Problem description:
Return, from the data below, each line that contains the word "shows".

(Records excerpted from a collection)
--*--

(* Let $k$ be a positive integer, $p\in(0,1)$, $z\ge 1$ an integer, and let $(x_1,\dots,x_k)$, $(y_1,\dots,y_k)$ be sequences of nonnegative integers such that $(x_1,\dots,x_k)$ is a permutation of $(y_1,\dots,y_k)$ and $S_{i_1,\dots,i_m}(x)=S_{i_1,\dots,i_m}(y)$ for all $1\le m\le z$ and all indices $i_1,\dots,i_m$. Let $x^*=\max\{x_1,\dots,x_k\}$, and let $x=10^{n+x_1}10^{n+x_2}\cdots10^{n+x_k}$ and $y=10^{n+y_1}\cdots10^{n+y_k}$. Let $C>0$ and let $a=10^{a_1}10^{a_2}\cdots10^{a_k}$ with nonnegative integers $a_j$ satisfying $a_j-n(1-p)\in[-C\sqrt{n\log n},C\sqrt{n\log n}]$ for all $j\in[k]$. Then for sufficiently large $n$ and $c$ (depending on $C,k,p,x^*$), $$\frac{\Pr_{\tilde{x}\sim\mathrm{Del}(x)}[\tilde{x}=a]}{\Pr_{\tilde{y}\sim\mathrm{Del}(y)}[\tilde{y}=a]}\in\left[1-(c\log n/n)^{\frac{z+1}{2}},\,1+(c\log n/n)^{\frac{z+1}{2}}\right].$$
   Context: $0^t$ denotes $t$ consecutive zeros. For an integer sequence $x=(x_1,\dots,x_k)$ (indices mod $k$), the cyclic statistic of order $m$ is $S_{i_1,\dots,i_m}(x)=\sum_{j=1}^k x_{i_1+j}\cdots x_{i_m+j}$. The circular deletion channel $\mathrm{Del}(w)$ with deletion probability $p$ deletes each bit of $w$ independently with probability $p$ and returns a uniformly random cyclic shift of the result. *)

theory Defs
  imports "HOL-Analysis.Analysis"
begin

definition cyc_stat :: "nat list \<Rightarrow> nat list \<Rightarrow> nat" where
  "cyc_stat x is = (\<Sum>j<length x. prod_list (map (\<lambda>i. x ! ((i + j) mod length x)) is))"

text \<open>Binary strings as bool lists (True = 1, False = 0).
  blocks [b1,...,bk] = 1 0^{b1} 1 0^{b2} ... 1 0^{bk}.\<close>
definition blocks :: "nat list \<Rightarrow> bool list" where
  "blocks bs = concat (map (\<lambda>b. True # replicate b False) bs)"

definition cyc_shift_prob :: "bool list \<Rightarrow> bool list \<Rightarrow> real" where
  "cyc_shift_prob v u =
     (if v = [] then (if u = [] then 1 else 0)
      else real (card {s. s < length v \<and> rotate s v = u}) / real (length v))"

text \<open>Circular deletion channel Del(w): each bit deleted independently with probability p
  (K = set of kept positions), then a uniformly random cyclic shift of the result.
  del_prob p w u = Pr[Del(w) = u].\<close>
definition del_prob :: "real \<Rightarrow> bool list \<Rightarrow> bool list \<Rightarrow> real" where
  "del_prob p w u =
     (\<Sum>K\<in>Pow {0..<length w}.
        p ^ (length w - card K) * (1 - p) ^ card K * cyc_shift_prob (nths w K) u)"

end

theory Submission
  imports Defs "HOL-Computational_Algebra.Polynomial"
begin

text \<open>
  The received string \<open>a = 1 0^a\<^sub>1 ... 1 0^a\<^sub>k\<close> has as many ones as the input, so every
  one must survive: the input \<open>1 0^(n+x\<^sub>1) ... 1 0^(n+x\<^sub>k)\<close> can only produce the rotations
  of \<open>a\<close> starting at a one, each run \<open>0^(n+x\<^sub>j)\<close> being thinned independently to the
  matching run of \<open>a\<close>. Hence, up to a factor not depending on \<open>x\<close>, the output probability is
  the cyclic sum \<open>\<Sum>r. \<Prod>i. R\<^sub>a\<^sub>i (x\<^sub>i\<^sub>+\<^sub>r)\<close>, where \<open>R\<^sub>a m = B (n + m) a / B n a\<close> and
  \<open>B b c\<close> is the probability that exactly \<open>c\<close> of \<open>b\<close> zeros survive.

  Put \<open>e = sqrt (ln n / n)\<close>. For \<open>a\<close> within \<open>C sqrt (n ln n)\<close> of \<open>n (1 - p)\<close>, the
  \<open>j\<close>-th forward difference of \<open>R\<^sub>a\<close> is \<open>O(e^j)\<close>, so on a fixed range \<open>{0..X}\<close> it is a
  polynomial whose \<open>j\<close>-th coefficient is \<open>O(e^j)\<close>. Multiplying out, the cyclic sum becomes a
  combination of cyclic statistics of \<open>x\<close> in which those of order \<open>m\<close> carry weight
  \<open>O(e^m)\<close>. Statistics of order at most \<open>z\<close> agree for \<open>x\<close> and \<open>y\<close> and both sums are
  close to \<open>k\<close>, so the ratio is \<open>1 + O(e^(z+1))\<close>.
\<close>

section \<open>Forward differences and polynomial interpolation\<close>

definition fwd_diff :: "(nat \<Rightarrow> real) \<Rightarrow> nat \<Rightarrow> real" where
  "fwd_diff f m = f (Suc m) - f m"

lemma fwd_diff_iter_Suc: "(fwd_diff ^^ Suc i) f = (fwd_diff ^^ i) (fwd_diff f)"
  by (simp add: funpow_Suc_right del: funpow.simps)

lemma fwd_diff_iter_Suc_apply:
  "(fwd_diff ^^ Suc i) f m = (fwd_diff ^^ i) f (Suc m) - (fwd_diff ^^ i) f m"
  by (simp add: fwd_diff_def)

lemma fwd_diff_iter_shift: "(fwd_diff ^^ i) (\<lambda>m. f (Suc m)) m = (fwd_diff ^^ i) f (Suc m)"
  by (induction i arbitrary: m) (simp_all add: fwd_diff_iter_Suc_apply del: funpow.simps)

lemma fwd_diff_iter_add: "(fwd_diff ^^ i) (\<lambda>m. f m + g m) m = (fwd_diff ^^ i) f m + (fwd_diff ^^ i) g m"
  by (induction i arbitrary: m) (simp_all add: fwd_diff_iter_Suc_apply del: funpow.simps)

lemma fwd_diff_iter_affine:
  assumes "0 < i"
  shows "(fwd_diff ^^ i) (\<lambda>m. a + b * f m) m = b * (fwd_diff ^^ i) f m"
  using assms
proof (induction i arbitrary: m rule: nat_induct_non_zero)
  case 1
  then show ?case by (simp add: fwd_diff_def algebra_simps)
next
  case (Suc i)
  then show ?case by (simp add: fwd_diff_iter_Suc_apply algebra_simps del: funpow.simps)
qed

lemma fwd_diff_mult:
  "fwd_diff (\<lambda>m. f m * g m) = (\<lambda>m. f (Suc m) * fwd_diff g m + fwd_diff f m * g m)"
  by (auto simp: fwd_diff_def algebra_simps)

lemma fwd_diff_iter_recip:
  fixes D :: real
  assumes "D > 0"
  shows "(fwd_diff ^^ i) (\<lambda>m. 1 / (D + m)) m = (- 1) ^ i * fact i / (\<Prod>j\<le>i. D + real m + real j)"
proof (induction i arbitrary: m)
  case 0
  then show ?case by (simp add: atMost_0)
next
  case (Suc i)
  define A where "A = (\<Prod>j\<le>i. D + real (Suc m) + real j)"
  define B where "B = (\<Prod>j\<le>i. D + real m + real j)"
  define T where "T = (\<Prod>j\<le>Suc i. D + real m + real j)"
  have pos: "A > 0" "B > 0" "D + m > 0" "D + m + Suc i > 0"
    unfolding A_def B_def using assms by (auto intro: prod_pos)
  have "T = (D + m) * A"
    unfolding T_def A_def prod.atMost_Suc_shift by (simp add: ac_simps)
  then have "1 / A = (D + m) / T"
    using pos by simp
  moreover have "T = B * (D + m + Suc i)"
    unfolding T_def B_def by simp
  then have "1 / B = (D + m + Suc i) / T"
    using pos by simp
  ultimately have "1 / A - 1 / B = - real (Suc i) / T"
    by (simp add: diff_divide_distrib[symmetric])
  have "(fwd_diff ^^ Suc i) (\<lambda>m. 1 / (D + m)) m = (- 1) ^ i * fact i * (1 / A - 1 / B)"
    using Suc by (simp add: fwd_diff_iter_Suc_apply A_def B_def right_diff_distrib del: funpow.simps)
  also have "\<dots> = (- 1) ^ Suc i * fact (Suc i) / T"
    unfolding \<open>1 / A - 1 / B = - real (Suc i) / T\<close> by (simp add: algebra_simps)
  finally show ?case
    by (simp add: T_def)
qed

lemma newton_forward_diff: "f m = (\<Sum>d\<le>m. real (m choose d) * (fwd_diff ^^ d) f 0)"
proof (induction m arbitrary: f)
  case 0
  then show ?case by simp
next
  case (Suc m)
  define F where "F d = (fwd_diff ^^ d) f 0" for d
  have F_Suc: "(fwd_diff ^^ d) (fwd_diff f) 0 = F (Suc d)" for d
    unfolding F_def by (simp only: fwd_diff_iter_Suc)
  have "f (Suc m) = f m + fwd_diff f m"
    by (simp add: fwd_diff_def)
  also have "\<dots> = (\<Sum>d\<le>m. real (m choose d) * F d) + (\<Sum>d\<le>m. real (m choose d) * F (Suc d))"
    using Suc[of f] Suc[of "fwd_diff f"] by (simp add: F_Suc F_def)
  also have "(\<Sum>d\<le>m. real (m choose d) * F d) = (\<Sum>d\<le>Suc m. real (m choose d) * F d)"
    by simp
  also have "\<dots> = F 0 + (\<Sum>d\<le>m. real (m choose Suc d) * F (Suc d))"
    by (subst sum.atMost_Suc_shift) simp
  also have "F 0 + (\<Sum>d\<le>m. real (m choose Suc d) * F (Suc d)) + (\<Sum>d\<le>m. real (m choose d) * F (Suc d))
      = F 0 + (\<Sum>d\<le>m. real (Suc m choose Suc d) * F (Suc d))"
    by (simp add: sum.distrib[symmetric] algebra_simps)
  also have "\<dots> = (\<Sum>d\<le>Suc m. real (Suc m choose d) * F d)"
    by (subst sum.atMost_Suc_shift) simp
  finally show ?case
    by (simp add: F_def)
qed

definition binomial_poly :: "nat \<Rightarrow> real poly" where
  "binomial_poly d = smult (1 / fact d) (\<Prod>i<d. [:- of_nat i, 1:])"

lemma poly_binomial_poly: "poly (binomial_poly d) (real m) = real (m choose d)"
  unfolding binomial_poly_def binomial_gbinomial gbinomial_prod_rev
  by (simp add: poly_prod divide_inverse mult.commute atLeast0LessThan)

lemma degree_binomial_poly: "degree (binomial_poly d) \<le> d"
proof -
  have "degree (\<Prod>i<d. [:- of_nat i, 1::real:]) \<le> (\<Sum>i<d. degree [:- of_nat i, 1::real:])"
    using degree_prod_sum_le[of "{..<d}" "\<lambda>i. [:- of_nat i, 1::real:]"] by (simp add: o_def)
  then show ?thesis
    by (simp add: binomial_poly_def)
qed

definition diffs_bounded :: "nat \<Rightarrow> real \<Rightarrow> real \<Rightarrow> nat \<Rightarrow> (nat \<Rightarrow> real) \<Rightarrow> bool" where
  "diffs_bounded Y K e q f \<longleftrightarrow> (\<forall>i m. m + i \<le> Y \<longrightarrow> \<bar>(fwd_diff ^^ i) f m\<bar> \<le> K * e ^ (i + q))"

lemma diffs_bounded_0_iff: "diffs_bounded 0 K e q f \<longleftrightarrow> \<bar>f 0\<bar> \<le> K * e ^ q"
  by (simp add: diffs_bounded_def)

lemma diffs_bounded_abs_le: "diffs_bounded Y K e q f \<Longrightarrow> m \<le> Y \<Longrightarrow> \<bar>f m\<bar> \<le> K * e ^ q"
  unfolding diffs_bounded_def by (metis add_0 add_0_right funpow_0)

lemma diffs_bounded_Suc_iff:
  "diffs_bounded (Suc Y) K e q f \<longleftrightarrow>
     (\<forall>m\<le>Suc Y. \<bar>f m\<bar> \<le> K * e ^ q) \<and> diffs_bounded Y K e (Suc q) (fwd_diff f)"
  unfolding diffs_bounded_def
proof safe
  fix i m
  assume "\<forall>i m. m + i \<le> Suc Y \<longrightarrow> \<bar>(fwd_diff ^^ i) f m\<bar> \<le> K * e ^ (i + q)" "m + i \<le> Y"
  then show "\<bar>(fwd_diff ^^ i) (fwd_diff f) m\<bar> \<le> K * e ^ (i + Suc q)"
    by (metis add_Suc_right add_Suc fwd_diff_iter_Suc Suc_le_mono)
next
  fix i m
  assume "\<forall>m\<le>Suc Y. \<bar>f m\<bar> \<le> K * e ^ q"
    and "\<forall>i m. m + i \<le> Y \<longrightarrow> \<bar>(fwd_diff ^^ i) (fwd_diff f) m\<bar> \<le> K * e ^ (i + Suc q)"
    and "m + i \<le> Suc Y"
  then show "\<bar>(fwd_diff ^^ i) f m\<bar> \<le> K * e ^ (i + q)"
    by (cases i) (auto simp: fwd_diff_iter_Suc simp del: funpow.simps)
next
  fix m
  assume "\<forall>i m. m + i \<le> Suc Y \<longrightarrow> \<bar>(fwd_diff ^^ i) f m\<bar> \<le> K * e ^ (i + q)" "m \<le> Suc Y"
  then show "\<bar>f m\<bar> \<le> K * e ^ q"
    by (metis add_0 add_0_right funpow_0)
qed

--*--

Written answer:
  shows "(fwd_diff ^^ i) (\<lambda>m. a + b * f m) m = b * (fwd_diff ^^ i) f m"
  shows "(fwd_diff ^^ i) (\<lambda>m. 1 / (D + m)) m = (- 1) ^ i * fact i / (\<Prod>j\<le>i. D + real m + real j)"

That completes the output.